Global productivity is not going to stop, either in China, the US or anywhere else. It is a fact of life. But the trade imbalances cannot continue. By definition, if a trend cannot continue, it will eventually reverse. Just like a stock market bubble, the longer a trend continues, the more out of balance the situation, the worse the eventual reversal.

Over the next few months, we are going to look at this situation quite closely.

Global Liquidity Falls

I know that much of this week's letter has been quotes, but some weeks I find that other people say what needs to be said. And that is the set-up for the piece we are going to look at next. I could ominously and simply say that global liquidity fell for the first time since December of 2001, and leave it at that. Or I could quote Ian Douglas of UBS in London in their Fixed Income Strategy Daily letter and let him give you more insight. I think the following is important, and I suggest you digest it. Under the heading that "The global liquidity cycle turns. Medium-term risk to asset prices" we read:

"Something was reported last week that hasn't been seen since Dec 2001. Global liquidity fell. Before you eject this mail into the filing system known as the recycle bin, let me try and highlight the importance of what has happened.

"The IMF publishes a monthly data series global FX reserves (ex-Gold). As the name suggests, this is a summation of the FX reserves of the world's central banks and is published as a dollar value. It can alternatively be thought of as global M1. It should come as no surprise to readers of this publication that FX reserves have been growing strongly through to the first quarter of this year. In the 12 months to Mar 04, global reserves grew by a staggering $791bn (equivalent to around 7.5% US GDP), a 30.3% year over year increase. The charts below illustrate the growth - in both levels and percentage terms.

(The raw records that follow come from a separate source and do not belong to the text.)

lemma RH_inf_mult:
  assumes "RH_inf A" "RH_inf B" "dim_col A = dim_row B" shows "RH_inf (A * B)"
  unfolding RH_inf_def
proof (intro allI impI)
  fix i j assume ij: "i < dim_row (A * B)" "j < dim_col (A * B)"
  have "(A * B) $$ (i, j) = (\<Sum>k \<in> {0..<dim_row B}. A $$ (i, k) * B $$ (k, j))"
    using ij assms(3) by (simp add: scalar_prod_def)
  also have "RH_inf_scalar \<dots>"
    using ij assms by (intro RH_inf_scalar_sum RH_inf_scalar_mult) (auto intro: RH_infD)
  finally show "RH_inf_scalar ((A * B) $$ (i, j))" .
qed

lemma RH_inf_add:
  "RH_inf A \<Longrightarrow> RH_inf B \<Longrightarrow> dim_row A = dim_row B \<Longrightarrow> dim_col A = dim_col B \<Longrightarrow> RH_inf (A + B)"
  unfolding RH_inf_def by (auto intro: RH_inf_scalar_add)

lemma RH_inf_diff:
  "RH_inf A \<Longrightarrow> RH_inf B \<Longrightarrow> dim_row A = dim_row B \<Longrightarrow> dim_col A = dim_col B \<Longrightarrow> RH_inf (A - B)"
  unfolding RH_inf_def by (auto intro: RH_inf_scalar_diff)

lemma RH_inf_four_block_mat_iff:
  assumes "A \<in> carrier_mat nr1 nc1" "B \<in> carrier_mat nr1 nc2"
    "C \<in> carrier_mat nr2 nc1" "D \<in> carrier_mat nr2 nc2"
  shows "RH_inf (four_block_mat A B C D) \<longleftrightarrow> RH_inf A \<and> RH_inf B \<and> RH_inf C \<and> RH_inf D"
proof
  assume RH: "RH_inf (four_block_mat A B C D)"
  have e: "RH_inf_scalar (four_block_mat A B C D $$ (i, j))"
    if "i < nr1 + nr2" "j < nc1 + nc2" for i j
    using that assms by (intro RH_infD[OF RH]) auto
  have "RH_inf_scalar (A $$ (i, j))" if "i < nr1" "j < nc1" for i j
    using e[of i j] that assms by (simp add: four_block_mat_def)
  moreover have "RH_inf_scalar (B $$ (i, j))" if "i < nr1" "j < nc2" for i j
    using e[of i "j + nc1"] that assms by (simp add: four_block_mat_def)
  moreover have "RH_inf_scalar (C $$ (i, j))" if "i < nr2" "j < nc1" for i j
    using e[of "i + nr1" j] that assms by (simp add: four_block_mat_def)
  moreover have "RH_inf_scalar (D $$ (i, j))" if "i < nr2" "j < nc2" for i j
    using e[of "i + nr1" "j + nc1"] that assms by (simp add: four_block_mat_def)
  ultimately show "RH_inf A \<and> RH_inf B \<and> RH_inf C \<and> RH_inf D"
    using assms unfolding RH_inf_def by auto
qed (use assms in \<open>auto simp: RH_inf_def four_block_mat_def\<close>)

interpretation rconst_hom: comm_ring_hom rconst
  by unfold_locales (simp_all add: rconst_def flip: to_fract_def to_fract_hom.hom_add to_fract_hom.hom_mult)

lemma cmat_carrier_iff[simp]: "cmat M \<in> carrier_mat a b \<longleftrightarrow> M \<in> carrier_mat a b"
  and dim_cmat[simp]: "dim_row (cmat M) = dim_row M" "dim_col (cmat M) = dim_col M"
  unfolding cmat_def carrier_mat_def by auto

lemma cmat_mult: "A \<in> carrier_mat a b \<Longrightarrow> B \<in> carrier_mat b c \<Longrightarrow> cmat (A * B) = cmat A * cmat B"
  unfolding cmat_def by (rule rconst_hom.mat_hom_mult)

lemma cmat_add: "A \<in> carrier_mat a b \<Longrightarrow> B \<in> carrier_mat a b \<Longrightarrow> cmat (A + B) = cmat A + cmat B"
  unfolding cmat_def by (rule eq_matI) (auto simp: rconst_hom.hom_add)

lemma cmat_zero[simp]: "cmat (0\<^sub>m a b) = 0\<^sub>m a b"
  and cmat_one[simp]: "cmat (1\<^sub>m a) = 1\<^sub>m a"
  unfolding cmat_def by (auto intro!: eq_matI)

lemma det_cmat: "det (cmat M) = rconst (det M)"
  unfolding cmat_def by (rule rconst_hom.hom_det)

lemma RH_inf_cmat: "RH_inf (cmat M)"
  unfolding RH_inf_def cmat_def rconst_def by (auto intro: RH_inf_scalar_const)

lemma RH_inf_one: "RH_inf (1\<^sub>m k)"
  using RH_inf_cmat[of "1\<^sub>m k"] by simp

lemma split_block_four_block_mat:
  assumes "A \<in> carrier_mat nr1 nc1" "B \<in> carrier_mat nr1 nc2"
    "C \<in> carrier_mat nr2 nc1" "D \<in> carrier_mat nr2 nc2"
  shows "split_block (four_block_mat A B C D) nr1 nc1 = (A, B, C, D)"
  using assms unfolding split_block_def Let_def by (auto intro!: eq_matI)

"The global economy has obviously strengthened significantly over this period, but at nothing like the pace required to absorb this liquidity explosion. Global nominal GDP growth looks to have been running somewhere around the 5% mark over the same period. When global activity is weaker than the pace of global liquidity creation (or monetary growth) a situation of 'excess liquidity' develops - the scale of which is broadly determined by the GDP growth / monetary growth gap.

"This excess needs a home. If real economic activity is not strong enough to absorb the cash it tends to find its way into asset prices and periods of high levels of liquidity growth are typically associated with asset price inflation. In its most obvious guise, this is the inflation of short-dated US security prices which would surely be at higher yields had the central banks of Asia not been on the bid.

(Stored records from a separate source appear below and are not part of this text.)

(* For $k=2$, every initial store $IS\in\{\Box,\blacksquare\}^2$ and all $i,j\in\{1,2\}$, there is no correct compositional translation from $\mathrm{SYNCSIMPLE}$ into $\mathrm{LOCKSIMPLE}_{2,IS}$ of blocking type $(P_iP_i,P_jP_j)$.
   Context: $\mathrm{SYNCSIMPLE}$: subprocesses $\mathcal{U} ::= \checkmark \mid 0 \mid\, !\mathcal{U} \mid\, ?\mathcal{U}$; processes are finite parallel compositions $\mathcal{U}_1\mid\cdots\mid\mathcal{U}_n$ ($\mid$ associative, commutative, $0$ a unit). Reduction: $!\mathcal{U}_1\mid ?\mathcal{U}_2\mid \mathcal{P}\to \mathcal{U}_1\mid\mathcal{U}_2\mid\mathcal{P}$. Successful: of form $\checkmark\mid\mathcal{P}$; may-convergent: reduces to a successful process; must-convergent: every reachable process is may-convergent. $\mathrm{LOCKSIMPLE}_{k,IS}$ ($IS\in\{\Box,\blacksquare\}^k$, $\Box$ empty, $\blacksquare$ full): subprocesses are words over $\{P_1,T_1,\dots,P_k,T_k\}$ followed by $0$ or $\checkmark$; states $(\mathcal{P},C)$ reduce by $(P_i\mathcal{U}\mid\mathcal{P},C)\to(\mathcal{U}\mid\mathcal{P},C[C_i:=\blacksquare])$ only if $C_i=\Box$, and $(T_i\mathcal{U}\mid\mathcal{P},C)\to(\mathcal{U}\mid\mathcal{P},C[C_i:=\Box])$ always. Success = process contains $\checkmark$; a process $\mathcal{P}$ is may/must-convergent iff the state $(\mathcal{P},IS)$ is. A compositional translation $\tau$ is given by words $\tau(!),\tau(?)$ with $\tau(0)=0$, $\tau(\checkmark)=\checkmark$, $\tau(!\mathcal{U})=\tau(!)\tau(\mathcal{U})$, $\tau(?\mathcal{U})=\tau(?)\tau(\mathcal{U})$, $\tau$ commuting with $\mid$; correct = preserves and reflects may- and must-convergence. Blocking type: for a word $S$, run $S$ as a single subprocess from $IS$; if it gets stuck at an occurrence of $P_i$, that occurrence ends the blocking prefix; if it is the first symbol from $\{P_i,T_i\}$ in $S$ (prefix $RP_i$, $R$ without $P_i,T_i$) the blocking type is $P_i$, otherwise the prefix has form $R_1P_iR_2P_i$, $R_2$ without $P_i,T_i$, and the blocking type is $P_iP_i$. $\tau$ has blocking type $(W_1,W_2)$ if $\tau(!)$ has type $W_1$ and $\tau(?)$ type $W_2$. *)

theory Defs
  imports "HOL-Library.Multiset"
begin

datatype ssub = SCheck | SZero | SSend ssub | SRecv ssub

type_synonym sproc = "ssub multiset"

inductive sync_step :: "sproc \<Rightarrow> sproc \<Rightarrow> bool" where
  "sync_step ({#SSend u1, SRecv u2#} + P) ({#u1, u2#} + P)"

definition sync_successful :: "sproc \<Rightarrow> bool" where
  "sync_successful P \<longleftrightarrow> SCheck \<in># P"

definition may_conv :: "('a \<Rightarrow> 'a \<Rightarrow> bool) \<Rightarrow> ('a \<Rightarrow> bool) \<Rightarrow> 'a \<Rightarrow> bool" where
  "may_conv step succ x \<longleftrightarrow> (\<exists>y. step\<^sup>*\<^sup>* x y \<and> succ y)"

definition must_conv :: "('a \<Rightarrow> 'a \<Rightarrow> bool) \<Rightarrow> ('a \<Rightarrow> bool) \<Rightarrow> 'a \<Rightarrow> bool" where
  "must_conv step succ x \<longleftrightarrow> (\<forall>y. step\<^sup>*\<^sup>* x y \<longrightarrow> may_conv step succ y)"

text \<open>Symbols P_i and T_i, indices 1..k. A store is a list of booleans of length k;
  entry i-1 is True iff lock i is full.\<close>

datatype lsym = P nat | T nat

fun sym_idx :: "lsym \<Rightarrow> nat" where
  "sym_idx (P i) = i" | "sym_idx (T i) = i"

definition wf_word :: "nat \<Rightarrow> lsym list \<Rightarrow> bool" where
  "wf_word k w \<longleftrightarrow> (\<forall>s \<in> set w. 1 \<le> sym_idx s \<and> sym_idx s \<le> k)"

datatype lend = LZero | LCheck

type_synonym lsub = "lsym list \<times> lend"
type_synonym lproc = "lsub multiset"
type_synonym lstate = "lproc \<times> bool list"

inductive lock_step :: "lstate \<Rightarrow> lstate \<Rightarrow> bool" where
  lockP: "\<lbrakk>1 \<le> i; i \<le> length C; \<not> C ! (i - 1)\<rbrakk> \<Longrightarrow>
     lock_step ({#(P i # w, e)#} + Q, C) ({#(w, e)#} + Q, C[i - 1 := True])"
| lockT: "\<lbrakk>1 \<le> i; i \<le> length C\<rbrakk> \<Longrightarrow>
     lock_step ({#(T i # w, e)#} + Q, C) ({#(w, e)#} + Q, C[i - 1 := False])"

text \<open>Success: the process has a check at top level (i.e. of the form check | Q).\<close>
definition lock_successful :: "lstate \<Rightarrow> bool" where
  "lock_successful S \<longleftrightarrow> ([], LCheck) \<in># fst S"

fun tr_sub :: "lsym list \<Rightarrow> lsym list \<Rightarrow> ssub \<Rightarrow> lsub" where
  "tr_sub ws wr SCheck = ([], LCheck)"
| "tr_sub ws wr SZero = ([], LZero)"
| "tr_sub ws wr (SSend u) = (ws @ fst (tr_sub ws wr u), snd (tr_sub ws wr u))"
| "tr_sub ws wr (SRecv u) = (wr @ fst (tr_sub ws wr u), snd (tr_sub ws wr u))"

definition tr_proc :: "lsym list \<Rightarrow> lsym list \<Rightarrow> sproc \<Rightarrow> lproc" where
  "tr_proc ws wr M = image_mset (tr_sub ws wr) M"

definition correct_translation :: "bool list \<Rightarrow> lsym list \<Rightarrow> lsym list \<Rightarrow> bool" where
  "correct_translation IS ws wr \<longleftrightarrow>
     (\<forall>M. (may_conv sync_step sync_successful M \<longleftrightarrow>
            may_conv lock_step lock_successful (tr_proc ws wr M, IS))
        \<and> (must_conv sync_step sync_successful M \<longleftrightarrow>
            must_conv lock_step lock_successful (tr_proc ws wr M, IS)))"

fun stuck_pos :: "bool list \<Rightarrow> lsym list \<Rightarrow> nat option" where
  "stuck_pos C [] = None"
| "stuck_pos C (P i # w) =
     (if C ! (i - 1) then Some 0 else map_option Suc (stuck_pos (C[i - 1 := True]) w))"
| "stuck_pos C (T i # w) = map_option Suc (stuck_pos (C[i - 1 := False]) w)"

datatype btype = BP nat | BPP nat

definition has_btype :: "bool list \<Rightarrow> lsym list \<Rightarrow> btype \<Rightarrow> bool" where
  "has_btype IS S b \<longleftrightarrow>
     (case b of
        BP i \<Rightarrow> (\<exists>R rest. S = R @ [P i] @ rest \<and> (\<forall>x \<in> set R. x \<noteq> P i \<and> x \<noteq> T i)
                   \<and> stuck_pos IS S = Some (length R))
      | BPP i \<Rightarrow> (\<exists>R1 R2 rest. S = R1 @ [P i] @ R2 @ [P i] @ rest
                   \<and> (\<forall>x \<in> set R2. x \<noteq> P i \<and> x \<noteq> T i)
                   \<and> stuck_pos IS S = Some (length R1 + 1 + length R2)))"

end

theory Submission
  imports Defs
begin

(* Suppose the translation were correct. For i = j the process !check | ?0, for i ~= j the
   process !?check | ?!0 is must-convergent, so its translation must be as well. In both cases
   the component ending in check contains P_mu ... P_mu with no mu-action in between, and the
   other component can be brought into a state whose next action on mu is not T_mu: for i = j
   by running tau(?) alone until it blocks at its second P_j; for i ~= j because
   tau(!) tau(?) contains the pattern for both locks, so unless the other component's next
   actions on both locks are releases (which can simply be executed) one lock qualifies.
   From such a state the check component can be driven into a deadlock: either it reaches its
   second P_mu while holding mu, or it waits for a lock that the other component holds and
   never releases. *)

lemma must_conv_if_final:
  "succ x \<Longrightarrow> (\<And>y. \<not> step x y) \<Longrightarrow> must_conv step succ x"
  unfolding must_conv_def may_conv_def by (metis converse_rtranclpE rtranclp.rtrancl_refl)

lemma must_conv_if_successors:
  assumes "step x y" "\<And>y. step x y \<Longrightarrow> must_conv step succ y"
  shows "must_conv step succ x"
  unfolding must_conv_def
proof (intro allI impI)
  fix z
  assume "step\<^sup>*\<^sup>* x z"
  then show "may_conv step succ z"
  proof (cases rule: converse_rtranclpE)
    case base
    from assms have "may_conv step succ y" unfolding must_conv_def by blast
    with \<open>step x y\<close> show ?thesis
      unfolding base may_conv_def by (meson converse_rtranclp_into_rtranclp)
  next
    case (step y')
    with assms(2) show ?thesis unfolding must_conv_def by blast
  qed
qed

lemma sync_step_pairE:
  assumes "sync_step {#x, y#} M"
  obtains u v where "{#x, y#} = {#SSend u, SRecv v#}" "M = {#u, v#}"
  using assms
proof cases
  case (1 u v Q)
  then have "size {#x, y#} = size ({#SSend u, SRecv v#} + Q)" by simp
  then have "Q = {#}" by simp
  with 1 that show ?thesis by simp
qed

lemma sync_step_pair: "sync_step {#SSend u, SRecv v#} {#u, v#}"
  using sync_step.intros[of u v "{#}"] by simp

lemma must_conv_check_pair: "must_conv sync_step sync_successful {#SCheck, SZero#}"
  by (rule must_conv_if_final) (auto simp: sync_successful_def add_eq_conv_ex elim: sync_step_pairE)

lemma must_conv_send_check:
  "must_conv sync_step sync_successful {#SSend SCheck, SRecv SZero#}"
  by (rule must_conv_if_successors[where step = sync_step, OF sync_step_pair])
    (auto simp: add_eq_conv_ex must_conv_check_pair elim: sync_step_pairE)

lemma must_conv_send_recv_check:
  "must_conv sync_step sync_successful {#SSend (SRecv SCheck), SRecv (SSend SZero)#}"
proof -
  have "must_conv sync_step sync_successful {#SSend SZero, SRecv SCheck#}"
    by (rule must_conv_if_successors[where step = sync_step, OF sync_step_pair])
      (auto simp: add_eq_conv_ex must_conv_check_pair add_mset_commute elim: sync_step_pairE)
  then show ?thesis
    by (intro must_conv_if_successors[where step = sync_step, OF sync_step_pair])
      (auto simp: add_eq_conv_ex add_mset_commute elim: sync_step_pairE)
qed

abbreviation next_sym :: "nat \<Rightarrow> lsym list \<Rightarrow> lsym option" where
  "next_sym l w \<equiv> find (\<lambda>s. sym_idx s = l) w"

lemma sym_idx_eq_cases: "sym_idx s = l \<Longrightarrow> s = P l \<or> s = T l"
  by (cases s) auto

lemma find_append_Some: "find Q u = Some x \<Longrightarrow> find Q (u @ v) = Some x"
  by (induction u) auto

definition has_PP :: "nat \<Rightarrow> lsym list \<Rightarrow> bool" where
  "has_PP l w \<longleftrightarrow> (\<exists>u v. w = u @ P l # v \<and> next_sym l v = Some (P l))"

lemma has_PP_Cons_iff:
  "has_PP l (s # w) \<longleftrightarrow> has_PP l w \<or> (s = P l \<and> next_sym l w = Some (P l))"
  unfolding has_PP_def by (auto simp: Cons_eq_append_conv)

lemma has_PP_nonempty: "has_PP l w \<Longrightarrow> w \<noteq> []"
  unfolding has_PP_def by auto

lemma has_PP_append_left: "has_PP l v \<Longrightarrow> has_PP l (u @ v)"
  unfolding has_PP_def by (metis append.assoc)

lemma has_PP_append_right: "has_PP l u \<Longrightarrow> has_PP l (u @ v)"
  unfolding has_PP_def by (metis append.assoc append_Cons find_append_Some)

lemma has_PP_if_blocking_type:
  assumes "has_btype IS w (BPP l)"
  shows "has_PP l w"
proof -
  from assms obtain R1 R2 rest where w: "w = R1 @ [P l] @ R2 @ [P l] @ rest"
    and R2: "\<forall>x\<in>set R2. x \<noteq> P l \<and> x \<noteq> T l"
    unfolding has_btype_def by auto
  from R2 have "\<forall>x\<in>set R2. sym_idx x \<noteq> l"
    using sym_idx_eq_cases by blast
  then have "next_sym l (R2 @ [P l] @ rest) = Some (P l)"
    by (induction R2) auto
  then show ?thesis unfolding has_PP_def w by auto
qed

fun enabled :: "bool list \<Rightarrow> lsym \<Rightarrow> bool" where
  "enabled C (P i) \<longleftrightarrow> \<not> C ! (i - 1)"
| "enabled C (T i) \<longleftrightarrow> True"

fun exec_sym :: "bool list \<Rightarrow> lsym \<Rightarrow> bool list" where
  "exec_sym C (P i) = C[i - 1 := True]"
| "exec_sym C (T i) = C[i - 1 := False]"

lemma length_exec_sym [simp]: "length (exec_sym C s) = length C"
  by (cases s) auto

lemma exec_sym_nth_other:
  "1 \<le> sym_idx s \<Longrightarrow> 1 \<le> l \<Longrightarrow> sym_idx s \<noteq> l \<Longrightarrow> exec_sym C s ! (l - 1) = C ! (l - 1)"
  by (cases s) auto

lemma lock_step_exec_sym:
  assumes "1 \<le> sym_idx s" "sym_idx s \<le> length C" "enabled C s"
  shows "lock_step (add_mset (s # w, e) Q, C) (add_mset (w, e) Q, exec_sym C s)"
  using assms lock_step.lockP[of _ C w e Q] lock_step.lockT[of _ C w e Q] by (cases s) auto

lemma lock_stepE:
  assumes "lock_step (S, C) X"
  obtains s w e Q where "S = add_mset (s # w, e) Q" "X = (add_mset (w, e) Q, exec_sym C s)"
    "1 \<le> sym_idx s" "sym_idx s \<le> length C" "enabled C s"
  using assms by cases fastforce+

type_synonym pair_state = "lsym list \<times> lsym list \<times> bool list"

inductive pair_step :: "pair_state \<Rightarrow> pair_state \<Rightarrow> bool" where
  first: "\<lbrakk>1 \<le> sym_idx s; sym_idx s \<le> length C; enabled C s\<rbrakk> \<Longrightarrow>
     pair_step (s # a, b, C) (a, b, exec_sym C s)"
| second: "\<lbrakk>1 \<le> sym_idx s; sym_idx s \<le> length C; enabled C s\<rbrakk> \<Longrightarrow>
     pair_step (a, s # b, C) (a, b, exec_sym C s)"

definition lock_state :: "pair_state \<Rightarrow> lstate" where
  "lock_state s = (case s of (a, b, C) \<Rightarrow> ({#(a, LCheck), (b, LZero)#}, C))"

lemma lock_step_lock_state_iff:
  "lock_step (lock_state s) X \<longleftrightarrow> (\<exists>s'. X = lock_state s' \<and> pair_step s s')"
proof
  obtain a b C where s: "s = (a, b, C)" by (cases s)
  assume "lock_step (lock_state s) X"
  then have "lock_step ({#(a, LCheck), (b, LZero)#}, C) X" by (simp add: s lock_state_def)
  then obtain t w e Q where eq: "{#(a, LCheck), (b, LZero)#} = add_mset (t # w, e) Q"
    and X: "X = (add_mset (w, e) Q, exec_sym C t)"
    and t: "1 \<le> sym_idx t" "sym_idx t \<le> length C" "enabled C t"
    by (rule lock_stepE)
  from eq[symmetric] consider "t # w = a" "e = LCheck" "Q = {#(b, LZero)#}"
    | "t # w = b" "e = LZero" "Q = {#(a, LCheck)#}"
    by (auto simp: add_eq_conv_ex)
  then show "\<exists>s'. X = lock_state s' \<and> pair_step s s'"
  proof cases
    case 1
    then show ?thesis
      using X t pair_step.first[of t C w b] unfolding s lock_state_def by force
  next
    case 2
    then show ?thesis
      using X t pair_step.second[of t C a w] unfolding s lock_state_def
      by (force simp: add_mset_commute)
  qed
next
  assume "\<exists>s'. X = lock_state s' \<and> pair_step s s'"
  then obtain s' where X: "X = lock_state s'" and "pair_step s s'" by blast
  from this(2) have "lock_step (lock_state s) (lock_state s')"
  proof cases
    case (first t C a b)
    then show ?thesis using lock_step_exec_sym[of t C a LCheck "{#(b, LZero)#}"]
      by (simp add: lock_state_def)
  next
    case (second t C a b)
    then show ?thesis using lock_step_exec_sym[of t C b LZero "{#(a, LCheck)#}"]
      by (simp add: lock_state_def add_mset_commute)
  qed
  with X show "lock_step (lock_state s) X" by simp
qed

"But the asset price inflation has been and usually is a wider phenomenon than just bidding up short dated risk free asset prices. What also typically characterises periods of high excess liquidity is a fall in risk aversion (the cheaper the money the lower the relative cost of risk) and therefore a strong performance from risks assets. The year long rebound in global equity prices and strong performance of low grade credit and emerging markets need to be seen in this context. (So should strong house price growth in most parts of the world, old master painting prices making new highs, strong fine wine prices, and doubtless many other examples). Note also that previous spikes in liquidity growth have been similarly associated (eg the equity bull market of the 85-87 period).

"The figures released by the IMF are somewhat dated - being for April - but fit with other more timely indications such as the Japanese reserve growth figures we commented upon yesterday. In the year to April the average monthly growth was $65bn, with April's contraction of $8.3bn being the first fall in twenty seven months. If we are right that the rate of reserve accumulation will continue to fade this suggests it will not just be Treasury prices that are vulnerable. It may be prudent to unload some risk more generally - and drink that Bordeaux before the prices start to fall."

Employment Numbers and Uphill Battles

Finally, a little update on the US employment numbers. A few weeks ago I wrote that last year, the employment numbers started to include an estimate for the birth and death of new businesses. There is a time lag between the time these businesses are created (or die) and when the Bureau of Labor Statistics finds out about them. So they have created some fairly elaborate models for estimating the numbers of new businesses. While this does attempt to show more realism in the actual final number, it also throws some subjectivity into the numbers.

As they note on their site (www.bls.gov), "The most significant potential drawback to this or any model-based approach is that time series modeling assumes a predictable continuation of historical patterns and relationships and therefore is likely to have some difficulty producing reliable estimates at economic turning points or during periods when there are sudden changes in trend. BLS will continue researching alternative model-based techniques for the net birth/death component; it is likely to remain as the most problematic part of the estimation process."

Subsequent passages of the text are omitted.